Перелом. Глава ХХ

Варвара Алёхина
   Мокрая, дурно пахнущая водорослями подушка, незнакомое одеяло и непонятная комната, освещённая лишь луной, где спят ещё четыре человека — всё это Давид увидел, когда очнулся. Поначалу в его глазах всё было размыто, и казалось, что это всего лишь сон, но потом картина прояснилась, и Давид быстро понял, что находится в больнице.

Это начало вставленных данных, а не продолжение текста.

(* Let $K$ be a compact Hausdorff space. If $C(K)$ has the ball fixed point property, then $K$ is an $F$-space.
   Context: $C(K)$ is the real Banach space of continuous functions $K\to\mathbb{R}$ with the sup norm. A real Banach space $X$ has the ball fixed point property (BFPP) if every nonexpansive map $T\colon B_X\to B_X$ (i.e. $\|Tx-Ty\|\le\|x-y\|$) has a fixed point, where $B_X$ is the closed unit ball. A compact space $K$ is an $F$-space if for every $g\in C(K)$ there exists a continuous $f\colon K\to[-1,1]$ with $g\cdot f=|g|$ (equivalently, disjoint cozero sets of $K$ have disjoint closures). *)

theory Defs
  imports "HOL-Analysis.Analysis"
begin

text \<open>C(K) is rendered as the library Banach space ('a, real) bcontfun of bounded
continuous real functions with the sup norm; for compact K every continuous
function is bounded, so this is exactly C(K).\<close>

definition nonexpansive_on :: "'b::metric_space set \<Rightarrow> ('b \<Rightarrow> 'b) \<Rightarrow> bool" where
  "nonexpansive_on S T \<longleftrightarrow> (\<forall>x\<in>S. \<forall>y\<in>S. dist (T x) (T y) \<le> dist x y)"

definition ball_fixed_point_property :: "'b::real_normed_vector itself \<Rightarrow> bool" where
  "ball_fixed_point_property _ \<longleftrightarrow>
     (\<forall>T::'b \<Rightarrow> 'b. T ` cball 0 1 \<subseteq> cball 0 1 \<and> nonexpansive_on (cball 0 1) T
        \<longrightarrow> (\<exists>x\<in>cball 0 1. T x = x))"

definition F_space :: "'a::topological_space itself \<Rightarrow> bool" where
  "F_space _ \<longleftrightarrow>
     (\<forall>g::'a \<Rightarrow> real. continuous_on UNIV g \<longrightarrow>
        (\<exists>f::'a \<Rightarrow> real. continuous_on UNIV f \<and> (\<forall>x. f x \<in> {-1..1}) \<and>
           (\<forall>x. g x * f x = \<bar>g x\<bar>)))"

end

theory Submission
  imports Defs
begin

text \<open>Given g, the map T x = max (-1) (min 1 (x + g)) is a nonexpansive self-map of the unit
ball of C(K), since truncation to [-1,1] is 1-Lipschitz. At a fixed point f we have
-1 \<le> f \<le> 1, and wherever g > 0 (resp. g < 0) the equation f = T f forces f = 1
(resp. f = -1); hence g * f = |g|.\<close>

definition truncated_shift :: "('a::topological_space \<Rightarrow> real) \<Rightarrow> ('a, real) bcontfun \<Rightarrow> ('a, real) bcontfun"
  where "truncated_shift g x = Bcontfun (\<lambda>t. max (-1) (min 1 (x t + g t)))"

lemma truncated_shift_apply:
  assumes "continuous_on UNIV g"
  shows "truncated_shift g x t = max (-1) (min 1 (x t + g t))"
proof -
  have "(\<lambda>t. max (-1) (min 1 (x t + g t))) \<in> bcontfun"
    by (rule bcontfun_normI[where b=1]) (auto intro!: continuous_intros assms)
  then show ?thesis
    unfolding truncated_shift_def by (simp add: Bcontfun_inverse)
qed

lemma norm_truncated_shift_le_1:
  assumes "continuous_on UNIV g"
  shows "norm (truncated_shift g x) \<le> 1"
  by (rule norm_bound) (simp add: truncated_shift_apply[OF assms])

lemma dist_truncated_shift_le:
  assumes "continuous_on UNIV g"
  shows "dist (truncated_shift g x) (truncated_shift g y) \<le> dist x y"
proof (rule dist_bound)
  fix t
  have "dist (x t) (y t) \<le> dist x y"
    by (rule dist_bounded)
  then show "dist (truncated_shift g x t) (truncated_shift g y t) \<le> dist x y"
    by (simp add: truncated_shift_apply[OF assms] dist_real_def)
qed

lemma truncated_shift_fixed_point_sign:
  fixes a b :: real
  assumes "\<bar>a\<bar> \<le> 1" and "max (-1) (min 1 (a + b)) = a"
  shows "b * a = \<bar>b\<bar>"
proof -
  have "b > 0 \<Longrightarrow> a = 1" and "b < 0 \<Longrightarrow> a = -1"
    using assms by argo+
  then show ?thesis
    by (cases b "0::real" rule: linorder_cases) auto
qed

theorem mainTheorem2:
  assumes "compact (UNIV :: 'a::t2_space set)"
    and "ball_fixed_point_property TYPE(('a, real) bcontfun)"
  shows "F_space TYPE('a)"
  unfolding F_space_def
proof (intro allI impI)
  fix g :: "'a \<Rightarrow> real"
  assume g: "continuous_on UNIV g"
  have "truncated_shift g ` cball 0 1 \<subseteq> cball 0 1"
    using norm_truncated_shift_le_1[OF g] by auto
  moreover have "nonexpansive_on (cball 0 1) (truncated_shift g)"
    unfolding nonexpansive_on_def using dist_truncated_shift_le[OF g] by blast
  ultimately obtain f where f_ball: "f \<in> cball 0 1" and f_fixed: "truncated_shift g f = f"
    using assms(2) unfolding ball_fixed_point_property_def by blast
  have f_bound: "\<bar>f t\<bar> \<le> 1" for t
    using norm_bounded[of f t] f_ball by simp
  have "g t * f t = \<bar>g t\<bar>" for t
    using truncated_shift_fixed_point_sign[OF f_bound]
      truncated_shift_apply[OF g, of f t] f_fixed by simp
  then show "\<exists>f. continuous_on UNIV f \<and> (\<forall>x. f x \<in> {-1..1}) \<and> (\<forall>x. g x * f x = \<bar>g x\<bar>)"
    using f_bound abs_le_iff by (intro exI[of _ "apply_bcontfun f"]) auto
qed

end
text \<open>Bounded-Lipschitz norm of a function (as a value in ereal, so that it is
  infinite for unbounded or non-Lipschitz functions).\<close>
definition bl_norm :: "('a::metric_space \<Rightarrow> real) \<Rightarrow> ereal" where
  "bl_norm f = max (SUP x. ereal \<bar>f x\<bar>)
                   (SUP p\<in>{(x,y). x \<noteq> y}. ereal (\<bar>f (fst p) - f (snd p)\<bar> / dist (fst p) (snd p)))"

definition bl_dist :: "'a::metric_space measure \<Rightarrow> 'a measure \<Rightarrow> real" where
  "bl_dist \<mu> \<nu> = Sup ((\<lambda>\<psi>. (\<integral>x. \<psi> x \<partial>\<mu>) - (\<integral>x. \<psi> x \<partial>\<nu>)) ` {\<psi>. bl_norm \<psi> \<le> 1})"

definition wmeas :: "'i set \<Rightarrow> ('i \<Rightarrow> 'a::topological_space) \<Rightarrow> ('i \<Rightarrow> real) \<Rightarrow> 'a measure" where
  "wmeas I p w = measure_of UNIV (sets borel) (\<lambda>A. \<Sum>i\<in>I. ennreal (w i) * indicator A (p i))"

definition xgrid :: "nat \<Rightarrow> ((real^'d) set)" where
  "xgrid N = {x. \<forall>k. (\<exists>z::int. x$k = real_of_int z / (real N)^2) \<and> \<bar>x$k\<bar> \<le> real N}"

definition vgrid :: "nat \<Rightarrow> ((real^'d) set)" where
  "vgrid N = {v. \<forall>k. (\<exists>z::int. v$k = real_of_int z / real N) \<and> \<bar>v$k\<bar> \<le> real N}"
(* Let $S_j$ be local potentials satisfying (A)–(E), let $\omega\in\mathbb{R}^d\setminus\mathbb{Q}^d$, and let $x$ be a Birkhoff global minimizer with rotation vector $\omega$ such that $\tau_{k,l}x=x$ whenever $\langle\omega,k\rangle+l=0$. Then the recurrent set $\mathcal{M}(x)$ is, in the topology of pointwise convergence, either connected or a Cantor set (closed, perfect and totally disconnected).
   Context: Notation: $\|i\|=\sum_{k=1}^d|i_k|$, $B_j^r=\{k:\|k-j\|\le r\}$, $(\tau_{k,l}x)_i=x_{i+k}+l$. Local potentials $S_j:\mathbb{R}^{\mathbb{Z}^d}\to\mathbb{R}$, $j\in\mathbb{Z}^d$, satisfy: (A) there is $r\in(0,\infty)$ and $C^2$ functions $s_j:\mathbb{R}^{B_j^r}\to\mathbb{R}$ with $S_j(x)=s_j(x|_{B_j^r})$; (B) $S_j(\tau_{k,l}x)=S_{j+k}(x)$; (C) each $S_j$ is bounded below and $S_j(x)\to\infty$ as $|x_k-x_j|\to\infty$ whenever $\|k-j\|=1$; (D) $\partial_{i,k}S_j\le0$ for $i\ne k$, and $\partial_{i,k}S_i<0$ when $\|i-k\|=1$; (E) $|\partial_{i,k}S_j|\le C$ uniformly. Birkhoff: for every $(k,l)$, $\tau_{k,l}x\ge x$ or $\tau_{k,l}x\le x$ (pointwise order). Rotation vector $\omega$: $\lim_n x_{ni}/n=\langle\omega,i\rangle$ for all $i$. For finite $B$: $W_B=\sum_{j\in B}S_j$, $\mathring{B}^{(r)}=\{i\in B:B_i^r\subset B\}$; $x$ is a global minimizer if $W_B(x+y)\ge W_B(x)$ for all finite $B$ and all $y$ supported in $\mathring{B}^{(r)}$. $\widetilde{\mathcal{M}}(x)$ is the closure (in the topology of pointwise convergence) of $\{\tau_{k,l}x:(k,l)\in\mathbb{Z}^d\times\mathbb{Z}\}$, and $\mathcal{M}(x)=\{y\in\widetilde{\mathcal{M}}(x): y=\lim_{n\to\infty}\tau_{k_n,l_n}y\text{ pointwise for some sequence }(k_n,l_n)\text{ with }\langle\omega,k_n\rangle+l_n\ne0\}$. *)

theory Defs
  imports "HOL-Analysis.Analysis"
begin

text \<open>The type of configurations carries the product topology (= pointwise convergence).\<close>

type_synonym 'd site = "int ^ 'd"
type_synonym 'd config = "int ^ 'd \<Rightarrow> real"

definition l1norm :: "int ^ 'd::finite \<Rightarrow> int" where
  "l1norm i = (\<Sum>a\<in>UNIV. \<bar>i $ a\<bar>)"

definition ball_l1 :: "int ^ 'd::finite \<Rightarrow> real \<Rightarrow> (int ^ 'd) set" where
  "ball_l1 j r = {k. real_of_int (l1norm (k - j)) \<le> r}"

definition tau :: "int ^ 'd::finite \<Rightarrow> int \<Rightarrow> 'd config \<Rightarrow> 'd config" where
  "tau k l x = (\<lambda>i. x (i + k) + real_of_int l)"

definition ip :: "real ^ 'd::finite \<Rightarrow> int ^ 'd \<Rightarrow> real" where
  "ip \<omega> k = (\<Sum>a\<in>UNIV. \<omega> $ a * real_of_int (k $ a))"

definition has_pd :: "(('i \<Rightarrow> real) \<Rightarrow> real) \<Rightarrow> 'i \<Rightarrow> ('i \<Rightarrow> real) \<Rightarrow> real \<Rightarrow> bool" where
  "has_pd F i x D \<longleftrightarrow> ((\<lambda>t. F (x(i := x i + t))) has_real_derivative D) (at 0)"

definition pd :: "(('i \<Rightarrow> real) \<Rightarrow> real) \<Rightarrow> 'i \<Rightarrow> ('i \<Rightarrow> real) \<Rightarrow> real" where
  "pd F i x = deriv (\<lambda>t. F (x(i := x i + t))) 0"

definition local_C2 :: "'i set \<Rightarrow> (('i \<Rightarrow> real) \<Rightarrow> real) \<Rightarrow> bool" where
  "local_C2 B F \<longleftrightarrow> finite B
     \<and> (\<forall>x y. (\<forall>i\<in>B. x i = y i) \<longrightarrow> F x = F y)
     \<and> continuous_on UNIV F
     \<and> (\<forall>i x. \<exists>D. has_pd F i x D)
     \<and> (\<forall>i. continuous_on UNIV (pd F i))
     \<and> (\<forall>i k x. \<exists>D. has_pd (pd F i) k x D)
     \<and> (\<forall>i k. continuous_on UNIV (pd (pd F i) k))"

definition local_potentials :: "real \<Rightarrow> ('d::finite site \<Rightarrow> 'd config \<Rightarrow> real) \<Rightarrow> bool" where
  "local_potentials r S \<longleftrightarrow>
     0 < r
     \<and> (\<forall>j. local_C2 (ball_l1 j r) (S j))
     \<and> (\<forall>j k l x. S j (tau k l x) = S (j + k) x)
     \<and> (\<forall>j. bdd_below (range (S j)))
     \<and> (\<forall>j k. l1norm (k - j) = 1 \<longrightarrow>
           (\<forall>M. \<exists>R. \<forall>x. \<bar>x k - x j\<bar> \<ge> R \<longrightarrow> S j x \<ge> M))
     \<and> (\<forall>i k j x. i \<noteq> k \<longrightarrow> pd (pd (S j) i) k x \<le> 0)
     \<and> (\<forall>i k x. l1norm (i - k) = 1 \<longrightarrow> pd (pd (S i) i) k x < 0)
     \<and> (\<exists>C. \<forall>i k j x. \<bar>pd (pd (S j) i) k x\<bar> \<le> C)"

definition W :: "('d::finite site \<Rightarrow> 'd config \<Rightarrow> real) \<Rightarrow> 'd site set \<Rightarrow> 'd config \<Rightarrow> real" where
  "W S B x = (\<Sum>j\<in>B. S j x)"

definition interior_r :: "real \<Rightarrow> 'd::finite site set \<Rightarrow> 'd site set" where
  "interior_r r B = {i\<in>B. ball_l1 i r \<subseteq> B}"

definition global_minimizer :: "real \<Rightarrow> ('d::finite site \<Rightarrow> 'd config \<Rightarrow> real) \<Rightarrow> 'd config \<Rightarrow> bool" where
  "global_minimizer r S x \<longleftrightarrow>
     (\<forall>B y. finite B \<longrightarrow> (\<forall>i. i \<notin> interior_r r B \<longrightarrow> y i = 0) \<longrightarrow>
        W S B (\<lambda>i. x i + y i) \<ge> W S B x)"

definition birkhoff :: "'d::finite config \<Rightarrow> bool" where
  "birkhoff x \<longleftrightarrow> (\<forall>k l. tau k l x \<ge> x \<or> tau k l x \<le> x)"

definition has_rotation_vector :: "'d::finite config \<Rightarrow> real ^ 'd \<Rightarrow> bool" where
  "has_rotation_vector x \<omega> \<longleftrightarrow>
     (\<forall>i. (\<lambda>n::nat. x (int n *s i) / real n) \<longlonglongrightarrow> ip \<omega> i)"

definition Mtilde :: "'d::finite config \<Rightarrow> 'd config set" where
  "Mtilde x = closure {tau k l x | k l. True}"

definition Mrec :: "real ^ 'd::finite \<Rightarrow> 'd config \<Rightarrow> 'd config set" where
  "Mrec \<omega> x = {y \<in> Mtilde x. \<exists>ks ls. (\<forall>n. ip \<omega> (ks n) + real_of_int (ls n) \<noteq> 0)
                  \<and> (\<lambda>n. tau (ks n) (ls n) y) \<longlonglongrightarrow> y}"

definition perfect_set :: "'a::topological_space set \<Rightarrow> bool" where
  "perfect_set A \<longleftrightarrow> (\<forall>y\<in>A. y islimpt A)"

definition totally_disconnected_set :: "'a::topological_space set \<Rightarrow> bool" where
  "totally_disconnected_set A \<longleftrightarrow> (\<forall>C\<subseteq>A. connected C \<longrightarrow> (\<exists>a. C \<subseteq> {a}))"

definition cantor_set :: "'a::topological_space set \<Rightarrow> bool" where
  "cantor_set A \<longleftrightarrow> closed A \<and> perfect_set A \<and> totally_disconnected_set A"

end

theory Submission
  imports Defs "HOL-Analysis.Kronecker_Approximation_Theorem"
begin

text \<open>
  Write \<open>phase k l = \<langle>\<omega>,k\<rangle> + l\<close>.  The Birkhoff property and the rotation vector
  force the translates \<open>tau k l x\<close> to be ordered like their phases, and the phases are
  dense in \<open>\<real>\<close> because \<open>\<omega>\<close> is irrational.  Hence one can fill the gaps of the orbit by
  the envelopes \<open>lower t\<close> (supremum of the translates of phase \<open>< t\<close>) and \<open>upper t\<close>
  (infimum over phase \<open>> t\<close>); both are monotone, translation equivariant and one-sided
  continuous in \<open>t\<close>.  The main structural fact is that the recurrent set equals the set
  of all envelopes, since every other point of the hull is an isolated orbit point.
  If \<open>lower = upper\<close> the recurrent set is a continuous image of \<open>\<real>\<close>, hence connected;
  otherwise the gaps \<open>lower t \<noteq> upper t\<close> are dense and separate any two envelopes, which
  makes the recurrent set closed, perfect and totally disconnected.
\<close>

lemma tendsto_fun_iff:
  fixes f :: "'c \<Rightarrow> 'a \<Rightarrow> 'b::topological_space"
  shows "(f \<longlongrightarrow> l) F \<longleftrightarrow> (\<forall>i. ((\<lambda>c. f c i) \<longlongrightarrow> l i) F)"
  using limitin_componentwise[of "\<lambda>i. euclidean" UNIV f l F]
  by (simp add: euclidean_product_topology)
(* Let $m\ge 2$, let $n_1,\dots,n_m\ge 3$ be odd, and let $\mathcal{C}=\mathcal{C}(C_{n_1},\dots,C_{n_m})$ be the odd chain cycle. Let $V_1=\{v^2_1,\dots,v^m_1\}$ and $V_2=V(\mathcal{C})\setminus V_1$ (so each vertex of $V_2$ has a unique name $v^i_j$ and lies in exactly one cycle $C_{n_i}$). Let $v^i_j,v^k_l\in V_2$ be distinct. (a) If $i=k$, then $v^i_j$ and $v^i_l$ are mutually maximally distant in $\mathcal{C}$ if and only if $d(v^i_j,v^i_l)=(n_i-1)/2$ (the diameter of $C_{n_i}$). (b) Suppose $i<k$. Then: (1) if $i=1$ and $k=m$: $v^1_j$ and $v^m_l$ are mutually maximally distant iff $j\in\{1,2\}$ and $l\in\{\frac{n_m+1}{2},\frac{n_m+1}{2}+1\}$; (2) if $i=1$ and $2\le k\le m-1$: $v^1_j$ and $v^k_l$ are mutually maximally distant iff $j\in\{1,2\}$ and $l=\frac{n_k+1}{2}$; (3) if $2\le i\le m-1$ and $k=m$: $v^i_j$ and $v^m_l$ are mutually maximally distant iff $j=2$ and $l\in\{\frac{n_m+1}{2},\frac{n_m+1}{2}+1\}$; (4) if $2\le i<k\le m-1$: $v^i_j$ and $v^k_l$ are mutually maximally distant iff $j=2$ and $l=\frac{n_k+1}{2}$.
   Context: Let $C_{n_1},\dots,C_{n_m}$ be pairwise disjoint cycles, $V(C_{n_i})=\{v^i_1,\dots,v^i_{n_i}\}$ with $v^i_j$ adjacent to $v^i_{j+1}$ (indices mod $n_i$). The odd chain cycle $\mathcal{C}(C_{n_1},\dots,C_{n_m})$ (all $n_i$ odd) is obtained by identifying $v^i_{(n_i+1)/2+1}$ with $v^{i+1}_1$ for each $i=1,\dots,m-1$; the identified vertex carries both names. A vertex $u$ is maximally distant from $v$ if every neighbor $w$ of $u$ satisfies $d(v,w)\le d(u,v)$; $u,v$ are mutually maximally distant if each is maximally distant from the other. *)

theory Defs
  imports Main
begin

definition gdist :: "('a \<Rightarrow> 'a \<Rightarrow> bool) \<Rightarrow> 'a \<Rightarrow> 'a \<Rightarrow> nat" where
  "gdist E u v = (LEAST k. (E ^^ k) u v)"

definition max_distant :: "('a \<Rightarrow> 'a \<Rightarrow> bool) \<Rightarrow> 'a \<Rightarrow> 'a \<Rightarrow> bool" where
  "max_distant E u v \<longleftrightarrow> (\<forall>w. E u w \<longrightarrow> gdist E v w \<le> gdist E u v)"

definition mutually_max_distant :: "('a \<Rightarrow> 'a \<Rightarrow> bool) \<Rightarrow> 'a \<Rightarrow> 'a \<Rightarrow> bool" where
  "mutually_max_distant E u v \<longleftrightarrow> max_distant E u v \<and> max_distant E v u"

text \<open>Vertex v^i_j is encoded as the pair (i,j), 1 \<le> i \<le> m, 1 \<le> j \<le> n i.
  The identified vertex v^i_{(n_i+1)/2+1} = v^{i+1}_1 is represented canonically by
  the pair (i, (n i + 1) div 2 + 1).\<close>

definition canon :: "(nat \<Rightarrow> nat) \<Rightarrow> nat \<times> nat \<Rightarrow> nat \<times> nat" where
  "canon n p = (if 2 \<le> fst p \<and> snd p = 1
                then (fst p - 1, (n (fst p - 1) + 1) div 2 + 1) else p)"

definition chain_adj :: "nat \<Rightarrow> (nat \<Rightarrow> nat) \<Rightarrow> nat \<times> nat \<Rightarrow> nat \<times> nat \<Rightarrow> bool" where
  "chain_adj m n u v \<longleftrightarrow>
     (\<exists>i\<in>{1..m}. \<exists>j\<in>{1..n i}.
        (u = canon n (i, j) \<and> v = canon n (i, j mod n i + 1)) \<or>
        (v = canon n (i, j) \<and> u = canon n (i, j mod n i + 1)))"

text \<open>The vertices of V_2 (those with a unique name v^i_j).\<close>
definition in_V2 :: "nat \<Rightarrow> (nat \<Rightarrow> nat) \<Rightarrow> nat \<times> nat \<Rightarrow> bool" where
  "in_V2 m n p \<longleftrightarrow> 1 \<le> fst p \<and> fst p \<le> m \<and> 1 \<le> snd p \<and> snd p \<le> n (fst p)
     \<and> \<not> (2 \<le> fst p \<and> snd p = 1)
     \<and> \<not> (fst p \<le> m - 1 \<and> snd p = (n (fst p) + 1) div 2 + 1)"

end

theory Submission
  imports Defs
begin

text \<open>
  Distances in the odd chain cycle have a closed form. A path from a vertex \<open>s\<close> into a cycle
  \<open>C\<^sub>i\<close> other than its own enters \<open>C\<^sub>i\<close> through one cut vertex, the gate: \<open>v\<^sup>i\<^sub>1\<close> if \<open>C\<^sub>i\<close> lies to
  the right of \<open>s\<close>, and the junction \<open>v\<^sup>i\<^sub>h\<close>, \<open>h = (n\<^sub>i + 1)/2 + 1\<close>, if it lies to the left.
  So the distance from \<open>s\<close> to \<open>v\<^sup>i\<^sub>j\<close> is the distance to the gate plus the distance from the gate
  to \<open>v\<^sup>i\<^sub>j\<close> along \<open>C\<^sub>i\<close>; this is confirmed by walks of that length and by the formula changing
  by at most one along every edge.
  A vertex of \<open>V\<^sub>2\<close> has only its two cycle neighbours, so it is maximally distant from \<open>s\<close>
  exactly when it is a local maximum of the cycle distance from the gate, i.e. when it lies at
  distance \<open>(n\<^sub>i - 1)/2\<close> from the gate. Reading off these antipodes of \<open>v\<^sup>i\<^sub>h\<close> and of \<open>v\<^sup>k\<^sub>1\<close> gives
  all cases of the theorem.
\<close>

lemma relpowp_symp:
  assumes "symp R" and "(R ^^ d) x y"
  shows "(R ^^ d) y x"
  using assms(2)
proof (induction d arbitrary: y)
  case (Suc d)
  then obtain z where "(R ^^ d) x z" "R z y" by (blast elim: relpowp_Suc_E)
  from \<open>R z y\<close> have "R y z" using \<open>symp R\<close> by (blast dest: sympD)
  moreover from \<open>(R ^^ d) x z\<close> have "(R ^^ d) z x" by (rule Suc.IH)
  ultimately show ?case by (rule relpowp_Suc_I2)
qed simp

lemma gdist_commute: "symp R \<Longrightarrow> gdist R x y = gdist R y x"
  unfolding gdist_def by (metis relpowp_symp)

lemma relpowp_bound_by_lipschitz:
  assumes "f x = 0" and "\<And>u v. R u v \<Longrightarrow> f v \<le> f u + 1" and "(R ^^ d) x y"
  shows "f y \<le> d"
  using assms(3)
proof (induction d arbitrary: y)
  case (Suc d)
  then obtain z where "(R ^^ d) x z" "R z y" by (blast elim: relpowp_Suc_E)
  with Suc.IH assms(2) show ?case by fastforce
qed (simp add: assms(1))

lemma gdist_eqI:
  assumes "(R ^^ f y) x y" and "f x = 0" and "\<And>u v. R u v \<Longrightarrow> f v \<le> f u + 1"
  shows "gdist R x y = f y"
  unfolding gdist_def
  using assms by (blast intro: Least_equality relpowp_bound_by_lipschitz)

definition cycle_dist :: "nat \<Rightarrow> nat \<Rightarrow> nat \<Rightarrow> nat" where
  "cycle_dist N a b =
     min (if a \<le> b then b - a else a - b) (N - (if a \<le> b then b - a else a - b))"

definition cycle_offset :: "nat \<Rightarrow> nat \<Rightarrow> nat \<Rightarrow> nat" where
  "cycle_offset N a j = (if a \<le> j then j - a else j + N - a)"

lemma cycle_dist_commute: "cycle_dist N a b = cycle_dist N b a"
  unfolding cycle_dist_def by auto

lemma cycle_dist_self [simp]: "cycle_dist N a a = 0"
  unfolding cycle_dist_def by auto

lemma cycle_dist_eq_offset:
  assumes "1 \<le> a" "a \<le> N" "1 \<le> j" "j \<le> N"
  shows "cycle_dist N a j = min (cycle_offset N a j) (N - cycle_offset N a j)"
proof (cases "a \<le> j")
  case False
  then have "N - (j + N - a) = a - j" "N - (a - j) = j + N - a" using assms by auto
  with False show ?thesis unfolding cycle_dist_def cycle_offset_def by (simp add: min.commute)
qed (simp add: cycle_dist_def cycle_offset_def)

lemma cycle_offset_less:
  "1 \<le> a \<Longrightarrow> a \<le> N \<Longrightarrow> 1 \<le> j \<Longrightarrow> j \<le> N \<Longrightarrow> cycle_offset N a j < N"
  unfolding cycle_offset_def by auto

lemma mod_add_one_eq_if:
  "1 \<le> (j::nat) \<Longrightarrow> j \<le> N \<Longrightarrow> j mod N + 1 = (if j = N then 1 else j + 1)"
  by (cases "j = N") auto

lemma cycle_offset_succ:
  assumes "1 \<le> a" "a \<le> N" "1 \<le> j" "j \<le> N"
  shows "cycle_offset N a (j mod N + 1)
           = (if cycle_offset N a j = N - 1 then 0 else cycle_offset N a j + 1)"
  using assms unfolding mod_add_one_eq_if[OF assms(3,4)] cycle_offset_def
  by (cases "j = N"; cases "a \<le> j"; cases "a = j + 1"; simp; linarith?)
lemma mult_mem_ext_ideal: "a \<in> I \<Longrightarrow> f a * b \<in> ext_ideal f I"
  unfolding ext_ideal_def
  by (intro CollectI exI[of _ 1] exI[of _ "\<lambda>_. a"] exI[of _ "\<lambda>_. b"]) simp

lemma ext_ideal_subset:
  assumes "is_ideal N" "f ` I \<subseteq> N"
  shows "ext_ideal f I \<subseteq> N"
  unfolding ext_ideal_def using assms by (auto intro!: is_ideal_sum is_ideal_mult_right)

lemma maximal_ideal_is_ideal: "maximal_ideal M \<Longrightarrow> is_ideal M"
  unfolding maximal_ideal_def by blast

lemma maximal_ideal_one_notin: "maximal_ideal M \<Longrightarrow> 1 \<notin> M"
  unfolding maximal_ideal_def using is_ideal_eq_UNIV_iff by blast

lemma is_ideal_add_principal:
  assumes "is_ideal M"
  shows "is_ideal {x + r * c | x r. x \<in> M}"
  unfolding is_ideal_def
proof (intro conjI ballI allI)
  show "0 \<in> {x + r * c | x r. x \<in> M}"
    using is_ideal_zero[OF assms] by (intro CollectI exI[of _ 0]) auto
next
  fix y z assume "y \<in> {x + r * c | x r. x \<in> M}" "z \<in> {x + r * c | x r. x \<in> M}"
  then obtain x r x' r' where "y = x + r * c" "z = x' + r' * c" "x \<in> M" "x' \<in> M"
    by blast
  then show "y + z \<in> {x + r * c | x r. x \<in> M}"
    using is_ideal_add[OF assms] by (intro CollectI exI[of _ "x + x'"] exI[of _ "r + r'"])
      (auto simp: algebra_simps)
next
  fix y s assume "y \<in> {x + r * c | x r. x \<in> M}"
  then obtain x r where "y = x + r * c" "x \<in> M"
    by blast
  moreover have "s * (x + r * c) = s * x + (s * r) * c"
    by (simp add: algebra_simps)
  ultimately show "s * y \<in> {x + r * c | x r. x \<in> M}"
    using is_ideal_mult_left[OF assms] by blast
qed

lemma maximal_ideal_inverse:
  fixes M :: "'a::comm_ring_1 set"
  assumes "maximal_ideal M" "c \<notin> M"
  shows "\<exists>b. b * c - 1 \<in> M"
proof -
  have M: "is_ideal M"
    using assms(1) by (rule maximal_ideal_is_ideal)
  define J where "J = {x + r * c | x r. x \<in> M}"
  have "M \<subseteq> J"
    unfolding J_def by (force intro: exI[of _ 0])
  moreover have "c \<in> J"
    unfolding J_def using is_ideal_zero[OF M] by (force intro: exI[of _ 1])
  ultimately have "J = UNIV"
    using assms is_ideal_add_principal[OF M] unfolding maximal_ideal_def J_def by blast
  then obtain x r where "1 = x + r * c" "x \<in> M"
    unfolding J_def by blast
  then have "r * c - 1 \<in> M"
    using is_ideal_uminus[OF M] by (metis add_diff_cancel_right' minus_diff_eq)
  then show ?thesis ..
qed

   Внезапно к его горлу подступил неудержимый кашель, из-за которого началась острая боль в спине и пояснице. Давид никак не мог прекратить кашель, но из-за него боль становилась всё сильнее и сильнее. В один момент он не выдержал и закричал, перебудив всех, кто лежал с ним в палате. На крик прибежала медсестра, вколола Давиду обезболивающее и сделала холодный компресс. Броненберг немного помучился, но потом кашель отступил, и стало немного легче. У него болела вся спина, он боялся шевельнуться и даже дышать, впрочем, последнее ему удавалось с трудом, так как дыхание было затруднено. Он лежал, будто солдат, в одной позе и думал, когда же эта боль закончится. Конечно, в эту ночь он не смог заснуть, и время длилось невыносимо долго, однако к утру облегчение всё же пришло к Давиду, и он решил извиниться перед людьми, волею судьбы оказавшихся в эту ночь с ним в одной палате:
   — Извините меня, пожалуйста! Я вас всё разбудил.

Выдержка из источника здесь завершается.